Creating components in Java was really simple and powerful. The examples found at HowToComponentsBundle are a must have. Setting up JDeveloper to build the class files was really easy. There is a tutorial on building components. Unfortunately, the only source was on metalink. If you have access, go to community/Middleware/Universal Content Management – Then look in the popular documents section.

Other important notes: Repeating the mantra, “You need a component to do that” was the phrase of the week. With training, you realize that UCM is like many other Oracle products. You purchase a very base model, but get tools that, once you learn them, have the capability to get the job done. You have to think in UCM. This means that you need to learn IDocScript, and follow the component model system to get the functionality you need. So, what does that mean? Simple, you need a component to do that!
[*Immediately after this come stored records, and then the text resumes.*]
text \<open>Monotone iteration from the supersolution 0: the iterates decrease and stay above every
  subsolution, so (given one subsolution) they converge to the maximal solution.\<close>
lemma maximal_cs_solution_exists:
  assumes "0 \<le> lam" and "\<And>x. 0 \<le> s x" and "cs_subsolution lam s w"
  obtains U where "\<And>x. lap U x = cs_nonlin lam (U x) + s x" and "\<And>x. U x \<le> 0"
    and "\<And>w' x. cs_subsolution lam s w' \<Longrightarrow> w' x \<le> U x"
proof -
  let ?I = "\<lambda>k. (cs_step lam s ^^ k) (\<lambda>_. 0)"
  note decr = cs_step_iterates_decreasing[where s=s, OF assms(1,2)]
  have "convergent (\<lambda>k. ?I k x)" for x
  proof -
    have "decseq (\<lambda>k. ?I k x)" by (rule decseq_SucI) (use decr in blast)
    moreover have "\<forall>k. w x \<le> ?I k x" using cs_subsolution_le_step_iterates[OF assms] by blast
    ultimately show ?thesis by (rule decseq_convergent) (auto simp: convergent_def)
  qed
  then have lim: "(\<lambda>k. ?I k x) \<longlonglongrightarrow> lim (\<lambda>k. ?I k x)" for x
    using convergent_LIMSEQ_iff by blast
  define U where "U x = lim (\<lambda>k. ?I k x)" for x
  have "cs_step lam s U x = U x" for x
  proof (rule LIMSEQ_unique)
    show "(\<lambda>k. ?I (Suc k) x) \<longlonglongrightarrow> U x" unfolding U_def using lim by (rule LIMSEQ_Suc)
    have "(\<lambda>k. cs_step lam s (?I k) x) \<longlonglongrightarrow> cs_step lam s U x"
      using lim unfolding U_def by (intro cs_step_tendsto[OF assms(1)])
    then show "(\<lambda>k. ?I (Suc k) x) \<longlonglongrightarrow> cs_step lam s U x" by simp
  qed
  then have "lap U x = cs_nonlin lam (U x) + s x" for x by (rule cs_step_fixpoint[OF assms(1)])
  moreover have "U x \<le> 0" for x
    unfolding U_def by (rule LIMSEQ_le_const2[OF lim]) (use decr in blast)
  moreover have "w' x \<le> U x" if "cs_subsolution lam s w'" for w' x
    unfolding U_def
    by (rule LIMSEQ_le_const[OF lim]) (use cs_subsolution_le_step_iterates[OF assms(1,2) that] in blast)
  ultimately show ?thesis using that by blast
qed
To give you an example. We have lots of documents that we need to import, but a large percentage of these documents have spaces in them. By using a little IDocScript and the RemoveWs function in the batch uploader, we were able to upload the documents with name without spaces. Now when we link to this content from our web server, we don’t have to deal with spaces and encoding links.

In order to get check-in documents to be space free, we created a component that removed spaces from the Original Name during the check-in. We were able to create a component using two lines of Java code to get this done. Of course there is more to it than this. Setting up a component to call the java code was done with the component manager, and we used one of the components found in the howto bundle as a template. We also needed to know what event to hook into. As you can see, a lot of setup just to get two lines of code to get the job done.

I will try to add more code that is UCM based as that is the direction my employer is taking. There seems to be a dearth of documentation on “How To” with UCM. Even though Bex’s Book is very helpful, more is needed!